The Democrats lost the election to Donald Trump by a surprisingly wide margin. Everything they tried to push back right-wing populism didn’t work.

They called Donald Trump an enemy of democracy, a racist and agitator. That’s not wrong, but it made little impression on his supporters.

They avoided the favourite topics of right-wing populists—migration and crime—and instead tried to score with their own issues: abortion rights, climate change, the situation of the LGBTQ community. Without success.

And they did everything they could to counter the dark picture painted by US right-wing populists with facts. “The country isn’t doing so badly, and we can prove it”—that was the story the Democrats told over and over. But that didn’t work either. Not even with my neighbours in New York.

They had always voted Democratic, and had lived in the city for decades, but now they were considering moving away because they felt increasingly unsafe.
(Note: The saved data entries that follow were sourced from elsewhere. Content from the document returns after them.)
text \<open>The left front alternately moves left and right, conserving L + [q L = 0].\<close>
lemma left_front_step:
  assumes al: "alternating p" and front: "left_front p q L"
  shows "\<exists>L'. left_front p (rule7 q) L' \<and> L' + of_bool (\<not> rule7 q L') = L + of_bool (\<not> q L)"
proof -
  have left: "\<forall>j<L. q j = p j" and d: "q L \<noteq> p L" and c: "q L \<or> \<not> q (L + 1)"
    using front unfolding left_front_def by auto
  have pm1: "p (L - 1) = (\<not> p L)" and pm2: "p (L - 1 - 1) = (\<not> p (L - 1))"
    and pp1: "p (L + 1) = (\<not> p L)"
    using alternating_prev[OF al] alternating_next[OF al] by blast+
  have qm1: "q (L - 1) = p (L - 1)" and qm2: "q (L - 1 - 1) = p (L - 1 - 1)" using left by auto
  show ?thesis
  proof (cases "q L")
    case True
    then have pL: "\<not> p L" using d by simp
    have g1: "\<not> rule7 q (L - 1)" and g0: "\<not> rule7 q L"
      using True qm1 pm1 pL by (simp_all add: rule7_apply)
    have "left_front p (rule7 q) (L - 1)"
      unfolding left_front_def using far_from_front[OF al left] g1 g0 pm1 pL by auto
    then show ?thesis using g1 True by (intro exI[of _ "L - 1"]) simp
  next
    case False
    then have pL: "p L" and nq1: "\<not> q (L + 1)" using d c by simp_all
    have g1: "rule7 q (L + 1)" and g0: "rule7 q L" and gm: "\<not> rule7 q (L - 1)"
      using False nq1 qm1 qm2 pm1 pm2 pL by (simp_all add: rule7_apply)
    have "rule7 q j = p j" if "j < L + 1" for j
    proof (cases "j + 1 < L")
      case True
      then show ?thesis using far_from_front[OF al left] by blast
    next
      case False
      then have "j = L \<or> j = L - 1" using that by linarith
      then show ?thesis using g0 gm pm1 pL by auto
    qed
    then have "left_front p (rule7 q) (L + 1)"
      unfolding left_front_def using g1 pp1 pL by auto
    then show ?thesis using g1 False by (intro exI[of _ "L + 1"]) simp
  qed
qed

lemma rule7_image_avoids_1001:
  "rule7 x (i - 2) \<Longrightarrow> \<not> rule7 x (i - 1) \<Longrightarrow> \<not> rule7 x i \<Longrightarrow> rule7 x (i + 1) \<Longrightarrow> False"
  unfolding rule7_apply by (simp add: algebra_simps)

lemma leftmost_difference:
  fixes p q :: "int \<Rightarrow> 'a"
  assumes d: "q r \<noteq> p r" and agree: "\<forall>j<lo. q j = p j"
  shows "\<exists>L. (\<forall>j<L. q j = p j) \<and> q L \<noteq> p L"
proof -
  define S where "S = {i. lo \<le> i \<and> i \<le> r \<and> q i \<noteq> p i}"
  have fin: "finite S" unfolding S_def by (rule finite_subset[of _ "{lo..r}"]) auto
  have "r \<in> S" using d agree unfolding S_def by force
  then have "Min S \<in> S" using fin by (intro Min_in) auto
  moreover have "q j = p j" if j: "j < Min S" for j
  proof (rule ccontr)
    assume "q j \<noteq> p j"
    moreover have "Min S \<le> r" using fin \<open>r \<in> S\<close> by simp
    ultimately have "j \<in> S" using j agree unfolding S_def by force
    then show False using j Min_le[OF fin] by fastforce
  qed
  ultimately show ?thesis unfolding S_def by blast
qed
This was despite the fact that Democratic politicians emphasised every day that the murder rate in New York had not risen in recent years. Those politicians were right; the murder rate had not increased, the facts were correct. But it was also true that, for example, shoplifting had gone up, as had minor offences, the dirt in the subway and the mess in public parks.
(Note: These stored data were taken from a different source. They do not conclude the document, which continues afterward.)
(* Let $G$ be a finite group and $\omega\in H^3(G,\mathbb{C}^\times)$ such that $\mathcal{Z}:=\mathcal{Z}(\mathrm{Vec}_G^\omega)$ has exactly three distinct twists $1,\theta,\eta$. Then either $G$ has exponent $3$ and the set of twists of $\mathcal{Z}$ is $\{1,\zeta_3,\zeta_3^2\}$, or $G$ has exponent $2$ or $4$ and the set of twists of $\mathcal{Z}$ is $\{1,\zeta_4,\zeta_4^3\}=\{1,i,-i\}$.
   Context: $\mathrm{Vec}_G^\omega$ is the fusion category of finite-dimensional $G$-graded vector spaces with associativity constraint twisted by the 3-cocycle $\omega$, with its canonical spherical structure (all simple objects of dimension $1$). $\mathcal{Z}(\mathrm{Vec}_G^\omega)$ is its Drinfeld center (twisted double), a modular fusion category; the twists are those of its simple objects. $\zeta_m=\exp(2\pi i/m)$. *)

theory Defs
  imports "HOL-Algebra.Group" "Jordan_Normal_Form.Matrix"
begin

definition group_exponent :: "('g, 'b) monoid_scheme \<Rightarrow> nat" where
  "group_exponent G = (LEAST n. n > 0 \<and> (\<forall>x\<in>carrier G. x [^]\<^bsub>G\<^esub> n = \<one>\<^bsub>G\<^esub>))"

definition normalized_3_cocycle :: "('g, 'b) monoid_scheme \<Rightarrow> ('g \<Rightarrow> 'g \<Rightarrow> 'g \<Rightarrow> complex) \<Rightarrow> bool" where
  "normalized_3_cocycle G \<omega> \<longleftrightarrow>
     (\<forall>g\<in>carrier G. \<forall>h\<in>carrier G. \<forall>k\<in>carrier G. \<omega> g h k \<noteq> 0) \<and>
     (\<forall>g\<in>carrier G. \<forall>h\<in>carrier G. \<forall>k\<in>carrier G. \<forall>l\<in>carrier G.
        \<omega> g h k * \<omega> g (h \<otimes>\<^bsub>G\<^esub> k) l * \<omega> h k l
        = \<omega> (g \<otimes>\<^bsub>G\<^esub> h) k l * \<omega> g h (k \<otimes>\<^bsub>G\<^esub> l)) \<and>
     (\<forall>g\<in>carrier G. \<forall>h\<in>carrier G.
        \<omega> \<one>\<^bsub>G\<^esub> g h = 1 \<and> \<omega> g \<one>\<^bsub>G\<^esub> h = 1 \<and> \<omega> g h \<one>\<^bsub>G\<^esub> = 1)"

definition centralizer_of :: "('g, 'b) monoid_scheme \<Rightarrow> 'g \<Rightarrow> 'g set" where
  "centralizer_of G a = {x \<in> carrier G. x \<otimes>\<^bsub>G\<^esub> a = a \<otimes>\<^bsub>G\<^esub> x}"

text \<open>The 2-cocycle on the centralizer of a induced by omega (twisted double).\<close>
definition cocycle_beta :: "('g, 'b) monoid_scheme \<Rightarrow> ('g \<Rightarrow> 'g \<Rightarrow> 'g \<Rightarrow> complex) \<Rightarrow> 'g \<Rightarrow> 'g \<Rightarrow> 'g \<Rightarrow> complex" where
  "cocycle_beta G \<omega> a x y = \<omega> a x y * \<omega> x y a / \<omega> x a y"

definition proj_rep :: "('g, 'b) monoid_scheme \<Rightarrow> 'g set \<Rightarrow> ('g \<Rightarrow> 'g \<Rightarrow> complex) \<Rightarrow> nat \<Rightarrow> ('g \<Rightarrow> complex mat) \<Rightarrow> bool" where
  "proj_rep G H \<beta> n \<rho> \<longleftrightarrow> n > 0 \<and>
     (\<forall>x\<in>H. \<rho> x \<in> carrier_mat n n) \<and>
     \<rho> \<one>\<^bsub>G\<^esub> = 1\<^sub>m n \<and>
     (\<forall>x\<in>H. \<forall>y\<in>H. \<rho> x * \<rho> y = \<beta> x y \<cdot>\<^sub>m \<rho> (x \<otimes>\<^bsub>G\<^esub> y))"

definition invariant_subspace :: "'g set \<Rightarrow> nat \<Rightarrow> ('g \<Rightarrow> complex mat) \<Rightarrow> complex vec set \<Rightarrow> bool" where
  "invariant_subspace H n \<rho> W \<longleftrightarrow> W \<subseteq> carrier_vec n \<and> 0\<^sub>v n \<in> W \<and>
     (\<forall>v\<in>W. \<forall>w\<in>W. v + w \<in> W) \<and> (\<forall>c. \<forall>v\<in>W. c \<cdot>\<^sub>v v \<in> W) \<and>
     (\<forall>x\<in>H. \<forall>v\<in>W. \<rho> x *\<^sub>v v \<in> W)"

definition irreducible_proj_rep :: "('g, 'b) monoid_scheme \<Rightarrow> 'g set \<Rightarrow> ('g \<Rightarrow> 'g \<Rightarrow> complex) \<Rightarrow> nat \<Rightarrow> ('g \<Rightarrow> complex mat) \<Rightarrow> bool" where
  "irreducible_proj_rep G H \<beta> n \<rho> \<longleftrightarrow> proj_rep G H \<beta> n \<rho> \<and>
     (\<forall>W. invariant_subspace H n \<rho> W \<longrightarrow> W = {0\<^sub>v n} \<or> W = carrier_vec n)"

text \<open>Twists of the simple objects of Z(Vec_G^omega): simple objects are pairs (a, rho) with
  rho an irreducible beta_a-projective representation of C_G(a); the twist is the scalar
  by which rho(a) acts.\<close>
definition center_twists :: "('g, 'b) monoid_scheme \<Rightarrow> ('g \<Rightarrow> 'g \<Rightarrow> 'g \<Rightarrow> complex) \<Rightarrow> complex set" where
  "center_twists G \<omega> = {t. \<exists>a\<in>carrier G. \<exists>n \<rho>.
       irreducible_proj_rep G (centralizer_of G a) (cocycle_beta G \<omega> a) n \<rho> \<and> \<rho> a = t \<cdot>\<^sub>m 1\<^sub>m n}"

end

theory Submission
  imports Defs "Jordan_Normal_Form.Gram_Schmidt" "HOL-Algebra.Multiplicative_Group"
begin

(*
  The twist of a simple object (a, \<rho>) of Z(Vec_G^\<omega>) is the scalar t by which \<rho>(a) acts. As \<rho> is
  \<beta>_a-projective, \<rho>(a)^j = p_a(j) \<rho>(a^j) with p_a(j) = \<Prod>_{i<j} \<beta>_a(a, a^i), so t^(ord a) = p_a(ord a).
  Conversely every root t of this equation occurs: t is an eigenvalue of a in the \<beta>_a-twisted
  regular representation of C_G(a), the t-eigenspace of a is invariant because a is central in
  C_G(a) and \<beta>_a(a, x) = \<beta>_a(x, a), and an invariant subspace of least dimension on which a acts
  by t is irreducible. So the twists over a are the ord a distinct roots of t^(ord a) = p_a(ord a).

  With three twists every element has order at most 3, and 1 is a twist. If some a has order 3,
  its twists are all the twists, hence the cube roots of unity. This excludes elements of order 2,
  for which p_a(2) = \<omega>(a, a, a) = 1 or -1, i.e. whose twists are {1, -1} or {i, -i}. Otherwise all
  elements have order at most 2, and the only way to obtain three twists from 1 and these pairs is
  {1, i, -i}, with G of exponent 2 (exponent 4 does not occur).
*)

section \<open>Coordinates on subspaces of complex vectors\<close>

lemma smult_mat_mult_vec:
  assumes "A \<in> carrier_mat n m" "v \<in> carrier_vec m"
  shows "(k \<cdot>\<^sub>m A) *\<^sub>v v = k \<cdot>\<^sub>v (A *\<^sub>v v)"
  using assms by (intro eq_vecI) (auto simp: scalar_prod_def sum_distrib_left ac_simps)

lemma eq_matI_mult_vec:
  fixes A A' :: "'a::semiring_1 mat"
  assumes "A \<in> carrier_mat n m" "A' \<in> carrier_mat n m"
    and "\<And>v. v \<in> carrier_vec m \<Longrightarrow> A *\<^sub>v v = A' *\<^sub>v v"
  shows "A = A'"
proof (rule eq_matI)
  fix i j assume "i < dim_row A'" "j < dim_col A'"
  moreover have "(A *\<^sub>v unit_vec m j) $ i = (A' *\<^sub>v unit_vec m j) $ i"
    using assms(3) by simp
  ultimately show "A $$ (i, j) = A' $$ (i, j)"
    using assms(1,2) by simp
qed (use assms in auto)

lemma mult_left_inverse_stable_image:
  fixes A B P :: "'a::comm_ring_1 mat"
  assumes A: "A \<in> carrier_mat k k" and B: "B \<in> carrier_mat k d" and P: "P \<in> carrier_mat d k"
    and PB: "P * B = 1\<^sub>m d"
    and stable: "\<forall>c\<in>carrier_vec d. A *\<^sub>v (B *\<^sub>v c) \<in> (\<lambda>c. B *\<^sub>v c) ` carrier_vec d"
  shows "B * (P * (A * B)) = A * B"
proof (rule eq_matI_mult_vec)
  fix c :: "'a vec" assume c: "c \<in> carrier_vec d"
  obtain c' where c': "c' \<in> carrier_vec d" "A *\<^sub>v (B *\<^sub>v c) = B *\<^sub>v c'"
    using stable c by blast
  have "B * (P * (A * B)) *\<^sub>v c = B *\<^sub>v (P *\<^sub>v (B *\<^sub>v c'))"
    using A B P c c' assoc_mult_mat_vec[OF B _ c, of "P * (A * B)"]
      assoc_mult_mat_vec[OF P _ c, of "A * B"] assoc_mult_mat_vec[OF A B c] by simp
  also have "\<dots> = A * B *\<^sub>v c"
    using assoc_mult_mat_vec[OF P B c'(1)] PB c' assoc_mult_mat_vec[OF A B c] by simp
  finally show "B * (P * (A * B)) *\<^sub>v c = A * B *\<^sub>v c" .
qed (use A B P in auto)

lemma image_mult_mat_vec_no_cols:
  fixes B :: "'a::semiring_0 mat"
  assumes "B \<in> carrier_mat k 0"
  shows "(\<lambda>c. B *\<^sub>v c) ` carrier_vec 0 = {0\<^sub>v k}"
proof -
  have "B *\<^sub>v c = 0\<^sub>v k" if "c \<in> carrier_vec 0" for c
    using assms that by (intro eq_vecI) (auto simp: scalar_prod_def)
  moreover have "(0\<^sub>v 0 :: 'a vec) \<in> carrier_vec 0" by simp
  ultimately show ?thesis by (auto intro!: image_eqI[where x = "0\<^sub>v 0"])
qed

lemma image_mult_mat_vec_left_invertible:
  fixes B P :: "'a::field mat"
  assumes B: "B \<in> carrier_mat k k" and P: "P \<in> carrier_mat k k" and "P * B = 1\<^sub>m k"
  shows "(\<lambda>c. B *\<^sub>v c) ` carrier_vec k = carrier_vec k"
proof (intro equalityI subsetI)
  fix v :: "'a vec" assume v: "v \<in> carrier_vec k"
  have "B * P = 1\<^sub>m k" using mat_mult_left_right_inverse[OF P B] assms(3) .
  then have "v = B *\<^sub>v (P *\<^sub>v v)" using assoc_mult_mat_vec[OF B P v] v by simp
  then show "v \<in> (\<lambda>c. B *\<^sub>v c) ` carrier_vec k" using mult_mat_vec_carrier[OF P v] by blast
qed (use B in auto)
Compared to murders, these are small things. Yet all these small things gave my neighbours the feeling that this was no longer their city—the city where the state maintains order. Where there was trust, mistrust spread. In the presidential election last autumn, the Democrats in traditionally left-wing New York got a million fewer votes than four years earlier.
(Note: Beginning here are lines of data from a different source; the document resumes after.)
lemma markov_m_periodic_block_dist:
  assumes "1 \<le> K" "2 * K \<le> n"
  shows "\<bar>markov_m (periodic_seq (block n)) - 9/2\<bar> \<le> 4 / 2 ^ K"
proof -
  let ?a = "periodic_seq (block n)" and ?L = "int (5 * n + 5)"
  have upper: "lambda0 (shift p ?a) \<le> 9/2 + 4 / 2 ^ K" for p
  proof -
    define s where "s = ?L * (p div ?L)"
    have "s \<le> p" "p \<le> s + 5 * int n + 4"
      using pos_mod_bound[of ?L p] pos_mod_sign[of ?L p] mult_div_mod_eq[of ?L p]
      unfolding s_def by linarith+
    moreover have "s - 5 * int n - 5 = ?L * (p div ?L - 1)" "s + 5 * int n + 5 = ?L * (p div ?L + 1)"
      unfolding s_def by (simp_all add: algebra_simps)
    then have "block_at ?a (s - 5 * int n - 5) n" "block_at ?a s n" "block_at ?a (s + 5 * int n + 5) n"
      unfolding s_def by (metis block_at_periodic_block dvd_triv_left)+
    ultimately show ?thesis
      using assms by (intro lambda0_le_in_block[OF pos_seq_periodic_block]) auto
  qed
  have lower: "9/2 - 4 / 2 ^ K \<le> lambda0 (shift (int n - 1) ?a)"
    using lambda0_ge_in_block[OF pos_seq_periodic_block block_at_periodic_block, of n 0 K] assms
    by simp
  have "markov_m ?a \<le> 9/2 + 4 / 2 ^ K"
    unfolding markov_m_def by (rule cSUP_least) (use upper in auto)
  moreover have "bdd_above (range (\<lambda>p. lambda0 (shift p ?a)))"
    by (rule bdd_aboveI2) (rule upper)
  then have "lambda0 (shift (int n - 1) ?a) \<le> markov_m ?a"
    unfolding markov_m_def by (rule cSUP_upper[rotated]) simp
  ultimately show ?thesis
    using lower by linarith
qed

lemma markov_m_periodic_block_tendsto: "(\<lambda>n. markov_m (periodic_seq (block n))) \<longlonglongrightarrow> 9/2"
proof (rule LIMSEQ_I)
  fix e :: real
  assume "0 < e"
  then obtain K where K: "1 \<le> K" "4 / 2 ^ K < e"
    using ex_div_pow2_less by blast
  show "\<exists>n0. \<forall>n\<ge>n0. norm (markov_m (periodic_seq (block n)) - 9/2) < e"
    using markov_m_periodic_block_dist[OF K(1)] K(2) by force
qed

section \<open>A sequence with limsup 9/2\<close>

text \<open>Level m is the interval from level_start m to level_start (Suc m), tiled by copies of
  block m.  Since level_start m = 5 (m+1)! is divisible by both 5m and 5m + 5, a level starts
  and ends with complete blocks.\<close>

definition level_start :: "nat \<Rightarrow> int" where
  "level_start m = 5 * int (fact (m + 1))"

definition level :: "int \<Rightarrow> nat" where
  "level i = (LEAST m. i < level_start (Suc m))"

definition lagrange_witness :: "int \<Rightarrow> nat" where
  "lagrange_witness i = periodic_seq (block (level i)) i"

lemma level_start_eq: "level_start m = int (5 * m + 5) * fact m"
  unfolding level_start_def by (simp add: algebra_simps)

lemma level_start_Suc: "level_start (Suc m) = int (m + 2) * level_start m"
  unfolding level_start_def by (simp add: algebra_simps)

lemma level_start_ge: "5 * int m + 5 \<le> level_start m"
proof -
  have "5 * (m + 1) \<le> 5 * fact (m + 1)"
    by (intro mult_le_mono2 fact_ge_self)
  then have "int (5 * (m + 1)) \<le> int (5 * fact (m + 1))"
    by (rule of_nat_mono)
  then show ?thesis
    unfolding level_start_def by simp
qed

lemma level_start_mono: "m \<le> m' \<Longrightarrow> level_start m \<le> level_start m'"
  using fact_mono[of "m + 1" "m' + 1", where 'a = nat] unfolding level_start_def by linarith

lemma level_start_gap: "level_start m + int (5 * m + 5) \<le> level_start (Suc m)"
proof -
  have "1 * level_start m \<le> (int m + 1) * level_start m"
    using level_start_ge[of m] by (intro mult_right_mono) auto
  moreover have "level_start (Suc m) = level_start m + (int m + 1) * level_start m"
    by (simp add: level_start_Suc algebra_simps)
  moreover have "int (5 * m + 5) = 5 * int m + 5"
    by simp
  ultimately show ?thesis
    using level_start_ge[of m] by linarith
qed

lemma dvd_level_start: "int (5 * m + 5) dvd level_start m"
  unfolding level_start_eq by simp

lemma dvd_level_start_Suc: "int (5 * m + 5) dvd level_start (Suc m)"
  using dvd_level_start[of m] unfolding level_start_Suc by simp

lemma level_less: "i < level_start (Suc (level i))"
proof -
  have "i \<le> int (nat i)"
    by simp
  also have "\<dots> < 5 * int (Suc (nat i)) + 5"
    by simp
  also have "\<dots> \<le> level_start (Suc (nat i))"
    by (rule level_start_ge)
  finally have "i < level_start (Suc (nat i))" .
  then show ?thesis
    unfolding level_def by (rule LeastI)
qed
Insecurity, mistrust, fear—these are the feelings described by Sara, the daughter of restaurateur Can in Hanover. After several break-ins, they have now installed a surveillance camera at the restaurant.

American President Joe Biden had the numbers on his side. He managed to curb inflation, boost the economy, and expand renewable energy. You could say the numbers proved he governed well. But people didn’t really feel the good numbers. They still couldn’t find affordable homes, eggs were still more expensive than five years ago, and in supermarkets, goods were now locked up like cigarettes to prevent theft. All of this made people feel increasingly uncomfortable. 

You can brush aside feelings, try to refute them with numbers. The Democrats did that. And they lost the election.

I think this is perhaps the most important lesson from recent American history: the democratic centre must urgently find an answer to the question of how to win elections in a world where small feelings sometimes weigh more than big facts.

PS: Incidentally, the AfD in Thuringia has initiated proceedings to expel Klaus Stöber from the party. He was deemed not loyal enough. He is now running in the election as an independent candidate. Should he be re-elected to the Bundestag, Stöber intends to continue voting in line with the AfD parliamentary group.